Наступал вечер. В аллеях цветущих яблонь жужжали золотистые шмели и ласковый ветерок шелестел в ивах, нависших над извилистым ручьем, перекатывающимся по овальным камням, блистающим алмазно-кварцевыми вкраплениями. Издалека, из внутреннего парка пропел соловей. Лучи заходящего теплого солнца, просочившись сквозь листву притихших садов, рисовали на песочных дорожках вязь таинственных письмен – меняющихся с вращением планеты, но вечных в недвижимой Вселенной. В самом Дворце начинали давать ужин. – О, эта пища богов, – холуйски осклабился перед Георгием один из пробегавших по аллее слуг, знакомый ему еще со времён, когда они сушили в степях навозно-соломенные блоки.

Гигантские столы были накрыты в гигантских залах. Тут же негромко журчали фонтаны, и с невидимых эстрад струилась неземная музыка. Вечнозеленые деревья росли сквозь мраморные полы, и в кронах их порхали райские птицы. Одетые к вечернему часу, размером с десятиэтажный дом, Боги рассаживались по освещенным мягким светом залам.

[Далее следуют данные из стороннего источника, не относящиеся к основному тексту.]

text \<open>A p-independent set stays p-independent when a vector outside span F + ker p is added:
  a vanishing combination involving a would express a modulo ker p through F.\<close>
lemma p_independent_insert:
  assumes "p_independent smul p F" "a \<notin> span_plus_kernel F"
  shows "p_independent smul p (insert a F)"
  unfolding p_independent_def
proof (intro allI impI)
  fix S and z :: "'a \<Rightarrow> 'k"
  assume S: "finite S \<and> S \<noteq> {} \<and> S \<subseteq> insert a F \<and> (\<forall>s\<in>S. z s \<noteq> 0)"
  show "p (\<Sum>s\<in>S. smul (z s) s) \<noteq> 0"
  proof (cases "a \<in> S")
    case False
    then show ?thesis using assms(1) S unfolding p_independent_def by blast
  next
    case True
    have za: "z a \<noteq> 0" using S True by auto
    define r where "r = (\<Sum>s\<in>S - {a}. smul (z s) s)"
    have sum: "(\<Sum>s\<in>S. smul (z s) s) = smul (z a) a + r"
      unfolding r_def using S True by (simp add: sum.remove)
    have "r \<in> span F" unfolding r_def
      using S by (intro span_sum span_scale span_base) auto
    define y where "y = - smul (inverse (z a)) r"
    have "y \<in> span F"
      unfolding y_def using \<open>r \<in> span F\<close> by (intro span_neg span_scale)
    have "a - y = smul (inverse (z a)) (\<Sum>s\<in>S. smul (z s) s)"
      unfolding y_def sum using za by (simp add: scale_right_distrib)
    then have "p (a - y) = norm (inverse (z a)) * p (\<Sum>s\<in>S. smul (z s) s)"
      by (simp add: p_scale)
    then have "p (\<Sum>s\<in>S. smul (z s) s) = 0 \<Longrightarrow> a \<in> span_plus_kernel F"
      unfolding span_plus_kernel_def using \<open>y \<in> span F\<close> by auto
    then show ?thesis using assms(2) by blast
  qed
qed

lemma seminorm_closed_kernel: "seminorm_closed p (span_plus_kernel {})"
  unfolding seminorm_closed_def span_plus_kernel_def
proof (intro allI impI)
  fix x assume x: "\<forall>e>0. \<exists>w\<in>{w. \<exists>y\<in>span {}. p (w - y) = 0}. p (x - w) < e"
  have "p x \<le> 0 + e" if "e > 0" for e
  proof -
    obtain w where "p w = 0" "p (x - w) < e" using x \<open>e > 0\<close> by auto
    then show ?thesis using p_triangle_diff[of x 0 w] by simp
  qed
  then have "p x \<le> 0" by (rule field_le_epsilon)
  then show "x \<in> {w. \<exists>y\<in>span {}. p (w - y) = 0}"
    using p_eq_0_iff_le by auto
qed

lemma span_plus_kernel_distance:
  assumes "seminorm_closed p (span_plus_kernel F)" "f \<notin> span_plus_kernel F"
  obtains \<epsilon> where "\<epsilon> > 0" "\<And>c y. y \<in> span F \<Longrightarrow> norm c * \<epsilon> \<le> p (smul c f - y)"
proof -
  obtain \<epsilon> where \<epsilon>: "\<epsilon> > 0" "\<And>w. w \<in> span_plus_kernel F \<Longrightarrow> \<epsilon> \<le> p (f - w)"
    using assms unfolding seminorm_closed_def by (meson not_le)
  have "norm c * \<epsilon> \<le> p (smul c f - y)" if y: "y \<in> span F" for c y
  proof (cases "c = 0")
    case True then show ?thesis using p_nonneg by simp
  next
    case False
    have "smul c f - y = smul c (f - smul (inverse c) y)"
      using False by (simp add: scale_right_diff_distrib)
    then have "p (smul c f - y) = norm c * p (f - smul (inverse c) y)"
      by (simp add: p_scale)
    moreover have "\<epsilon> \<le> p (f - smul (inverse c) y)"
      using span_subset_span_plus_kernel y by (intro \<epsilon>(2)) (auto intro: span_scale)
    ultimately show ?thesis by (simp add: mult_left_mono)
  qed
  with \<epsilon>(1) show ?thesis by (rule that)
qed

Столы ломились от яств, легкие закуски сменяли одна другую, камзольные слуги размахивали опахалами, отгоняя назойливых попугаев, и настало время подавать горячее.

Несметное количество слуг суетилось между кухней и залами, затаскивая на предбожеские столы огромные тазы со свежепрожаренными тушами Георгиевых путников. На кухне повара уже постарались, отделив отточенными ножами не очень-то мясистые мякоти тел степных пришельцев от их потасканных жизнью скелетов, легкие и селезенки сварив в застывающем сейчас в желе бульоне, а почки, семенники и реберные пленки сбросив на задний двор приблудным, но породистым псам.

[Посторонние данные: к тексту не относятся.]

(* Let $A\to X\to Y\to B$ be a Markov chain of random variables on finite sets, $f:[0,\infty)\to\mathbb{R}$ convex with $f(1)=0$, and $G$ an increasing convex function on $[0,\infty)$. Then $I_{G,f}(A;B)\le I_{G,f}(X;Y)$.
   Context: $D_f(p\|q)=\sum_y q(y) f(p(y)/q(y))$ with $0f(0/0)=0$. $I_{G,f}(U;V)=\min_{q_V}\sum_u p_U(u)\,G(D_f(p_{V|U=u}\|q_V))$, minimum over distributions on the alphabet of $V$. *)

theory Defs
  imports "HOL-Probability.Probability"
begin

text \<open>Slope at infinity f'(\<infinity>) = lim_{t\<rightarrow>\<infinity>} f(t)/t (exists in (-\<infinity>,\<infinity>] for convex f),
  used for the standard convention 0 f(a/0) = a f'(\<infinity>) when a > 0.\<close>
definition slope_inf :: "(real \<Rightarrow> real) \<Rightarrow> ereal" where
  "slope_inf f = Liminf at_top (\<lambda>t. ereal (f t / t))"

definition fdiv :: "(real \<Rightarrow> real) \<Rightarrow> ('v::finite \<Rightarrow> real) \<Rightarrow> ('v \<Rightarrow> real) \<Rightarrow> ereal" where
  "fdiv f p q = (\<Sum>y\<in>UNIV.
     (if q y = 0 then (if p y = 0 then 0 else ereal (p y) * slope_inf f)
      else ereal (q y * f (p y / q y))))"

text \<open>Extension of G to [0,\<infinity>] by G(\<infinity>) = lim_{t\<rightarrow>\<infinity>} G(t) (sup, G increasing).\<close>
definition Gext :: "(real \<Rightarrow> real) \<Rightarrow> ereal \<Rightarrow> ereal" where
  "Gext G x = (case x of ereal r \<Rightarrow> ereal (G r)
                | PInfty \<Rightarrow> (SUP t\<in>{0..}. ereal (G t))
                | MInfty \<Rightarrow> ereal (G 0))"

definition margU :: "('u \<times> 'v) pmf \<Rightarrow> 'u pmf" where "margU J = map_pmf fst J"

definition condV :: "('u \<times> 'v) pmf \<Rightarrow> 'u \<Rightarrow> 'v \<Rightarrow> real" where
  "condV J u v = pmf J (u, v) / pmf (margU J) u"

text \<open>I_{G,f}(U;V) = min over q_V of sum_u p_U(u) G(D_f(p_{V|U=u} || q_V)).
  The minimum is attained (lower semicontinuity on the compact simplex), so it equals the infimum.\<close>
definition IGf :: "(real \<Rightarrow> real) \<Rightarrow> (real \<Rightarrow> real) \<Rightarrow> ('u::finite \<times> 'v::finite) pmf \<Rightarrow> ereal" where
  "IGf G f J = (INF q\<in>(UNIV :: 'v pmf set).
      \<Sum>u\<in>UNIV. ereal (pmf (margU J) u) * Gext G (fdiv f (condV J u) (pmf q)))"

end

theory Submission
  imports Defs
begin

(* Both sides of I_{G,f} obey a data-processing inequality.  Garbling the second variable by a
   stochastic matrix K sends every candidate q_V to q_V K and, by joint convexity of the
   perspective (p, q) |-> q f(p/q), cannot increase any D_f(p_{V|U=u} || q_V); as G is increasing,
   I(U; V') <= I(U; V).  For a Markov chain U -> T -> V each p_{V|U=u} is the mixture
   sum_t p(t|u) p_{V|T=t}; convexity of D_f in its first argument and Jensen's inequality for the
   increasing convex G give I(U; V) <= I(T; V).  A Markov chain A -> X -> Y -> B contains the chains
   A -> Y -> B and A -> X -> Y, so I(A; B) <= I(A; Y) <= I(X; Y). *)

subsection \<open>Slope at infinity\<close>

lemma convex_on_secant_le:
  fixes f :: "real \<Rightarrow> real"
  assumes f: "convex_on I f" and x: "x \<in> I" and t: "t \<in> I" and d: "0 < d" "x + d \<le> t"
  shows "f x + (f (x + d) - f x) / d * (t - x) \<le> f t"
proof (cases "x + d = t")
  case False
  then have "(f x - f (x + d)) / (x - (x + d)) \<le> (f x - f t) / (x - t)"
    using d by (intro convex_on_slope_le(1)[OF f x t]) auto
  then have "(f (x + d) - f x) / d \<le> (f t - f x) / (t - x)"
    by (metis add_diff_cancel_left' minus_diff_eq minus_divide_divide)
  then show ?thesis
    using d False by (simp add: field_simps)
next
  case True
  then show ?thesis
    using d by (simp flip: True)
qed
theorem complex_slice_numerical_range_Reals:
  assumes real: "\<And>i j. i < n \<Longrightarrow> j < n \<Longrightarrow> R i j \<in> \<real>"
  shows "quat_of_complex -` numerical_range n R = cnumerical_range n (real_part_matrix R)"
proof -
  have R_Im: "Im1 (R i j) = 0" "Im2 (R i j) = 0" "Im3 (R i j) = 0" if "i < n" "j < n" for i j
    using real[OF that] by (simp_all add: quat_in_Reals_iff)
  have "c \<in> cnumerical_range n (real_part_matrix R)"
    if c: "quat_of_complex c \<in> numerical_range n R" for c
  proof -
    obtain X where X: "(\<Sum>i<n. qcnj (X i) * X i) = 1"
      "quat_of_complex c = (\<Sum>i<n. \<Sum>j<n. qcnj (X i) * R i j * X j)"
      using c unfolding numerical_range_def by blast
    \<comment> \<open>write X = y + z j with complex vectors y and z\<close>
    define y where "y i = Complex (Re (X i)) (Im1 (X i))" for i
    define z where "z i = Complex (Im2 (X i)) (- Im3 (X i))" for i
    have "c = sesq n (real_part_matrix R) y y + sesq n (real_part_matrix R) z z"
      using X(2) unfolding quat_of_complex_def quat_eq_iff complex_eq_iff sesq_def
        quat_components_sum Re_sum Im_sum sum.distrib[symmetric]
      by (simp add: y_def z_def real_part_matrix_def R_Im quat_components algebra_simps)
    moreover have "cinner n y y + cinner n z z = 1"
      using arg_cong[OF X(1), of Re]
      unfolding complex_eq_iff cinner_def quat_components_sum Re_sum Im_sum sum.distrib[symmetric]
      by (simp add: y_def z_def quat_components algebra_simps)
    ultimately show ?thesis
      by (simp add: sesq_add_in_cnumerical_range)
  qed
  moreover have "quat_of_complex c \<in> numerical_range n R"
    if c: "c \<in> cnumerical_range n (real_part_matrix R)" for c
  proof -
    obtain y where y: "cinner n y y = 1" "c = sesq n (real_part_matrix R) y y"
      using c unfolding cnumerical_range_def by blast
    define X where "X i = quat_of_complex (y i)" for i
    have "(\<Sum>i<n. qcnj (X i) * X i) = 1"
      using arg_cong[OF y(1), of Complex.Re] arg_cong[OF y(1), of Im]
      unfolding quat_eq_iff cinner_def quat_components_sum Re_sum Im_sum
      by (simp add: X_def quat_of_complex_def quat_components algebra_simps)
    moreover have "quat_of_complex c = (\<Sum>i<n. \<Sum>j<n. qcnj (X i) * R i j * X j)"
      unfolding y(2) quat_eq_iff quat_of_complex_def sesq_def quat_components_sum Re_sum Im_sum
      by (intro conjI sum.cong refl; simp add: X_def quat_of_complex_def real_part_matrix_def R_Im
          quat_components algebra_simps)
    ultimately show ?thesis
      unfolding numerical_range_def by auto
  qed
  ultimately show ?thesis
    by blast
qed
lemma landmarks_adj:
  assumes "3 \<le> n1" "blocks_avoid n1 n3 yL b \<or> blocks_avoid n1 n3 yR b"
  shows "\<exists>w \<in> landmarks n1 n3 yL yR. adj (a, b, c) w"
  using assms(2)
proof
  assume "blocks_avoid n1 n3 yL b"
  then obtain c1 c2 c3 where c: "c1 \<in> {1..n3}" "c2 \<in> {1..n3}" "c3 \<in> {1..n3}"
    "blk n1 n3 c1 = 1" "blk n1 n3 c2 = 2" "blk n1 n3 c3 = n1" "yL c1 \<noteq> b" "yL c2 \<noteq> b" "yL c3 \<noteq> b"
    by (rule blocks_avoidE)
  have "c1 \<noteq> c2" "c1 \<noteq> c3" "c2 \<noteq> c3" using c(4-6) assms(1) by auto
  with c show ?thesis
    using ex_adj_of_three[OF left_landmark[OF c(1)] left_landmark[OF c(2)] left_landmark[OF c(3)]]
      assms(1) by simp
next
  assume "blocks_avoid n1 n3 yR b"
  then obtain c1 c2 c3 where c: "c1 \<in> {1..n3}" "c2 \<in> {1..n3}" "c3 \<in> {1..n3}"
    "blk n1 n3 c1 = 1" "blk n1 n3 c2 = 2" "blk n1 n3 c3 = n1" "yR c1 \<noteq> b" "yR c2 \<noteq> b" "yR c3 \<noteq> b"
    by (rule blocks_avoidE)
  have "1 mod n1 + 1 = 2" "2 mod n1 + 1 = 3" "n1 mod n1 + 1 = 1" using assms(1) by auto
  then have "(2, yR c1, c1) \<in> landmarks n1 n3 yL yR" "(3, yR c2, c2) \<in> landmarks n1 n3 yL yR"
    "(1, yR c3, c3) \<in> landmarks n1 n3 yL yR"
    using right_landmark[of _ n3 n1 yR yL] c(1-6) by metis+
  moreover have "c1 \<noteq> c2" "c1 \<noteq> c3" "c2 \<noteq> c3" using c(4-6) assms(1) by auto
  ultimately show ?thesis using ex_adj_of_three c(7-) by simp
qed

lemma total_dom_insert_corner:
  assumes dom: "total_dom n1 n2 n3 D" and pos: "0 < n1" "0 < n2" "0 < n3"
  shows "total_dom (n1 + 1) (n2 + 1) (n3 + 1) (insert (n1 + 1, n2 + 1, n3 + 1) D)"
  unfolding total_dom_def
proof (intro conjI ballI)
  show "insert (n1 + 1, n2 + 1, n3 + 1) D \<subseteq> vert (n1 + 1) (n2 + 1) (n3 + 1)"
    using dom unfolding total_dom_def vert_def by auto
next
  fix v assume v: "v \<in> vert (n1 + 1) (n2 + 1) (n3 + 1)"
  obtain a b c where abc: "v = (a, b, c)" by (cases v)
  show "\<exists>d \<in> insert (n1 + 1, n2 + 1, n3 + 1) D. adj v d"
  proof (cases "a \<le> n1 \<and> b \<le> n2 \<and> c \<le> n3")
    case True
    then show ?thesis unfolding abc adj_def by auto
  next
    case False
    define v' where "v' = (if a \<le> n1 then a else 1, if b \<le> n2 then b else 1, if c \<le> n3 then c else 1)"
    have "v' \<in> vert n1 n2 n3" using v pos unfolding v'_def abc vert_def by auto
    then obtain d where d: "d \<in> D" "adj v' d" using dom unfolding total_dom_def by blast
    then have "d \<in> vert n1 n2 n3" using dom unfolding total_dom_def by blast
    then have "adj v d" using d(2) v unfolding v'_def abc adj_def vert_def by (auto split: if_splits)
    then show ?thesis using d(1) by blast
  qed
qed

lemma blocks_avoid_if_never:
  assumes "3 \<le> n1" "n1 \<le> n3" "\<forall>c. y c \<noteq> b"
  shows "blocks_avoid n1 n3 y b"
  unfolding blocks_avoid_def
proof
  fix t assume "t \<in> {1, 2, n1}"
  then have "t \<in> {1..n1}" using assms(1) by auto
  then show "\<exists>c \<in> {1..n3}. blk n1 n3 c = t \<and> y c \<noteq> b"
    using bstart_column[of n1 n3 t] assms by auto
qed

lemma landmarks_total_dom:
  assumes "3 \<le> n1" "n1 \<le> n3" "m \<le> n2"
    and low: "\<forall>c. yL c \<in> {1..m} \<union> {n2}" and high: "\<forall>c. yR c \<in> {m<..n2}"
    and top: "blocks_avoid n1 n3 yL n2"
  shows "total_dom n1 n2 n3 (landmarks n1 n3 yL yR)"
proof -
  have avoid: "blocks_avoid n1 n3 yL b \<or> blocks_avoid n1 n3 yR b" for b
  proof (cases "b \<le> m")
    case True
    then have "\<forall>c. yR c \<noteq> b" using high by (metis greaterThanAtMost_iff leD)
    then show ?thesis using blocks_avoid_if_never assms(1,2) by blast
  next
    case False
    then have "b \<noteq> n2 \<Longrightarrow> \<forall>c. yL c \<noteq> b" using low by (metis Un_iff atLeastAtMost_iff singletonD)
    then show ?thesis using blocks_avoid_if_never assms(1,2) top by blast
  qed
  have "\<forall>c. yL c \<in> {1..n2} \<and> yR c \<in> {1..n2}"
  proof
    fix c show "yL c \<in> {1..n2} \<and> yR c \<in> {1..n2}"
      using low[rule_format, of c] high[rule_format, of c] assms(3) by auto
  qed
  then have "landmarks n1 n3 yL yR \<subseteq> vert n1 n2 n3"
    using landmarks_subset_vert assms(1) by simp
  moreover have "\<exists>w \<in> landmarks n1 n3 yL yR. adj v w" for v
    using landmarks_adj[OF assms(1) avoid] by (cases v) simp
  ultimately show ?thesis unfolding total_dom_def by blast
qed

lemma yL_even_bounds: "0 < n2 div 2 \<Longrightarrow> yL_even n2 c \<in> {1..n2 div 2}"
  using mod_less_divisor[of "n2 div 2" "c - 1"] unfolding yL_even_def by (simp del: mod_less_divisor)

Орудуя серебряными ножами и двузубыми вилками, могучие боги поглощали с приправами завершающих свой путь паломников, запивая их молодым, чуть забродившим яблочным соком. Среди съеденных тушек Георгиева народа попадались и не самые свежие, изъеденные тяжкой жизнью и застарелыми степными болезнями. Кому из богов по недогляду поваров попались такие куски, у тех, случалось в течение вечера, прохватывал желудок, и им приходилось по здешней традиции выходить на задний двор и опорожняться в широколистных кустах.

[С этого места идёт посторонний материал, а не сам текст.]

lemma gauss_moment_recurrence:
  assumes q: "q > 0"
  shows "gauss_moment (q + 1) c = q * gauss_moment (q - 1) c + c * gauss_moment q c"
proof -
  let ?e = "\<lambda>u::real. exp (c * u - u\<^sup>2 / 2)"
  let ?F = "\<lambda>u::real. u powr q * ?e u"
  let ?f = "\<lambda>u::real. q * (u powr (q - 1) * ?e u) + c * (u powr q * ?e u) - u powr (q + 1) * ?e u"
  have int: "set_integrable lborel {0<..} (\<lambda>u. u powr (q + k) * ?e u)" if "k \<ge> -1" for k
    using set_integrable_gauss_moment[of "q + k" c] q that by simp
  have int_f: "set_integrable lborel {0<..} ?f"
    using int[of "-1"] int[of 0] int[of 1] by auto
  have einterval: "einterval 0 \<infinity> = {0<..}"
    by (auto simp: einterval_def)
  have "(LBINT u=0..\<infinity>. ?f u) = 0 - 0"
  proof (rule interval_integral_FTC_integrable)
    fix x :: real
    assume "0 < ereal x" "ereal x < \<infinity>"
    then have x: "x > 0"
      by simp
    have "(?F has_real_derivative q * x powr (q - 1) * ?e x + x powr q * (?e x * (c - x))) (at x)"
      using x by (auto intro!: derivative_eq_intros simp: power2_eq_square algebra_simps)
    moreover have "q * x powr (q - 1) * ?e x + x powr q * (?e x * (c - x)) = ?f x"
      using x by (simp add: powr_add algebra_simps)
    ultimately show "(?F has_vector_derivative ?f x) (at x)"
      by (simp add: has_real_derivative_iff_has_vector_derivative)
    show "isCont ?f x"
      using x by (auto intro!: continuous_intros)
  next
    show "set_integrable lborel (einterval 0 \<infinity>) ?f"
      using int_f einterval by simp
    have "(?F \<longlongrightarrow> 0) (at_right 0)"
      using q by real_asymp
    then show "((?F \<circ> real_of_ereal) \<longlongrightarrow> 0) (at_right 0)"
      by (simp add: zero_ereal_def ereal_tendsto_simps1)
    have "(?F \<longlongrightarrow> 0) at_top"
      by real_asymp
    then show "((?F \<circ> real_of_ereal) \<longlongrightarrow> 0) (at_left \<infinity>)"
      by (simp add: ereal_tendsto_simps1)
  qed simp
  then have "(LBINT u:{0<..}. ?f u) = 0"
    using einterval by (simp add: interval_lebesgue_integral_def)
  moreover have "(LBINT u:{0<..}. ?f u) = q * gauss_moment (q - 1) c + c * gauss_moment q c - gauss_moment (q + 1) c"
    unfolding gauss_moment_def using int[of "-1"] int[of 0] int[of 1]
    by (subst set_integral_diff(2)) (auto intro: set_integral_add)
  ultimately show ?thesis
    by simp
qed

lemma abs_exp_minus_one_minus_le: "\<bar>exp h - 1 - h\<bar> \<le> exp \<bar>h\<bar> * h\<^sup>2 / 2"
  for h :: real
proof -
  obtain t where t: "\<bar>t\<bar> \<le> \<bar>h\<bar>" "exp h = (\<Sum>m<2. h ^ m / fact m) + exp t / fact 2 * h ^ 2"
    using Maclaurin_exp_le[of h 2] by blast
  then have "\<bar>exp h - 1 - h\<bar> = exp t * h\<^sup>2 / 2"
    by (simp add: numeral_2_eq_2)
  also have "\<dots> \<le> exp \<bar>h\<bar> * h\<^sup>2 / 2"
    using t(1) by (intro divide_right_mono mult_right_mono) auto
  finally show ?thesis .
qed

lemma gauss_integrand_taylor_bound:
  fixes u y c r :: real
  assumes u: "u > 0" and yc: "\<bar>y - c\<bar> \<le> 1"
  shows "\<bar>u powr r * exp (y * u - u\<^sup>2 / 2) - u powr r * exp (c * u - u\<^sup>2 / 2)
            - (y - c) * (u powr (r + 1) * exp (c * u - u\<^sup>2 / 2))\<bar>
         \<le> (y - c)\<^sup>2 / 2 * (u powr (r + 2) * exp ((\<bar>c\<bar> + 1) * u - u\<^sup>2 / 2))"
proof -
  define h where "h = (y - c) * u"
  define E where "E = u powr r * exp (c * u - u\<^sup>2 / 2)"
  have E: "E \<ge> 0"
    by (simp add: E_def)
  have "\<bar>h\<bar> \<le> u"
    unfolding h_def using yc u by (simp add: abs_mult mult_left_le_one_le)
  have "u powr r * exp (y * u - u\<^sup>2 / 2) - u powr r * exp (c * u - u\<^sup>2 / 2)
          - (y - c) * (u powr (r + 1) * exp (c * u - u\<^sup>2 / 2))
        = E * (exp h - 1 - h)"
    using u by (simp add: E_def h_def powr_add algebra_simps flip: exp_add)
  also have "\<bar>\<dots>\<bar> = E * \<bar>exp h - 1 - h\<bar>"
    using E by (simp add: abs_mult)
  also have "\<dots> \<le> E * (exp \<bar>h\<bar> * h\<^sup>2 / 2)"
    by (rule mult_left_mono[OF abs_exp_minus_one_minus_le E])
  also have "\<dots> \<le> E * (exp u * h\<^sup>2 / 2)"
    using E \<open>\<bar>h\<bar> \<le> u\<close> by (intro mult_left_mono divide_right_mono mult_right_mono) auto
  also have "\<dots> = (y - c)\<^sup>2 / 2 * (u powr (r + 2) * exp ((c + 1) * u - u\<^sup>2 / 2))"
  proof -
    have "exp ((c + 1) * u - u\<^sup>2 / 2) = exp (c * u - u\<^sup>2 / 2) * exp u"
      by (simp add: algebra_simps flip: exp_add)
    then show ?thesis
      using u by (simp add: E_def h_def powr_add power_mult_distrib mult_ac)
  qed
  also have "\<dots> \<le> (y - c)\<^sup>2 / 2 * (u powr (r + 2) * exp ((\<bar>c\<bar> + 1) * u - u\<^sup>2 / 2))"
    using u by (intro mult_left_mono) (auto simp: mult_right_mono)
  finally show ?thesis .
qed

lemma gauss_moment_taylor_bound:
  assumes r: "r > -1" and yc: "\<bar>y - c\<bar> \<le> 1"
  shows "\<bar>gauss_moment r y - gauss_moment r c - (y - c) * gauss_moment (r + 1) c\<bar>
           \<le> (y - c)\<^sup>2 * (gauss_moment (r + 2) (\<bar>c\<bar> + 1) / 2)"
proof -
  let ?a = "\<lambda>u::real. u powr r * exp (y * u - u\<^sup>2 / 2)"
  let ?b = "\<lambda>u::real. u powr r * exp (c * u - u\<^sup>2 / 2)"
  let ?c = "\<lambda>u::real. (y - c) * (u powr (r + 1) * exp (c * u - u\<^sup>2 / 2))"
  let ?B = "\<lambda>u::real. (y - c)\<^sup>2 / 2 * (u powr (r + 2) * exp ((\<bar>c\<bar> + 1) * u - u\<^sup>2 / 2))"
  have int_a: "set_integrable lborel {0<..} ?a" and int_b: "set_integrable lborel {0<..} ?b"
    using r by (simp_all add: set_integrable_gauss_moment)
  have int_c: "set_integrable lborel {0<..} ?c"
    using set_integrable_gauss_moment[of "r + 1" c] r by simp
  have int_B: "set_integrable lborel {0<..} ?B"
    using set_integrable_gauss_moment[of "r + 2" "\<bar>c\<bar> + 1"] r by simp
  have int_ab: "set_integrable lborel {0<..} (\<lambda>u. ?a u - ?b u)"
    using int_a int_b by auto
  have int_abc: "set_integrable lborel {0<..} (\<lambda>u. ?a u - ?b u - ?c u)"
    using int_ab int_c by auto
  have eq: "gauss_moment r y - gauss_moment r c - (y - c) * gauss_moment (r + 1) c
             = (LBINT u:{0<..}. ?a u - ?b u - ?c u)"
    unfolding gauss_moment_def using int_a int_b int_c int_ab
    by (simp add: set_integral_diff(2))
  have "\<bar>LBINT u:{0<..}. ?a u - ?b u - ?c u\<bar> \<le> (LBINT u:{0<..}. \<bar>?a u - ?b u - ?c u\<bar>)"
    using set_integral_norm_bound[OF int_abc] by simp
  also have "\<dots> \<le> (LBINT u:{0<..}. ?B u)"
    using gauss_integrand_taylor_bound[OF _ yc]
    by (intro set_integral_mono set_integrable_abs int_abc int_B) simp
  also have "\<dots> = (y - c)\<^sup>2 * (gauss_moment (r + 2) (\<bar>c\<bar> + 1) / 2)"
    by (simp add: gauss_moment_def)
  finally show ?thesis
    unfolding eq .
qed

Георгий вышел в сад и пошел по аллеям и дворам, огибая против часовой стрелки Дворец, как планета, вращающаяся по околозвездной орбите. В какой-то момент он чуть не вступил в свежую коричневатую жижу, к которой привык, еще складывая в далекой Розии соломенные блоки. – Из праха в прах, – сказал Георгий, и один из пробегающих по двору божественных слуг услужливо уступил ему дорогу. Вот, кажется, и всё.

Рассветало. Григорий вышел за ограду Дворца, и очередной порыв ледяного ветра пронизал его тощее тело, прикрытое лишь изношенной холщовой рубахой. Он подтянул веревку, служившую ему поясом, и пошел по каменистой тропе вверх, в дальние горы, прокалывая голые ступни об острые углы скальных пород. Сменяющие друг друга горные хребты, покрытые заснеженными жухлыми мхами, уходили вверх и чуть влево от него. Тропа, следуя за горами, тоже заворачивала влево, шла выше, и мелкие камешки то и дело вылетели из-под его израненных ног.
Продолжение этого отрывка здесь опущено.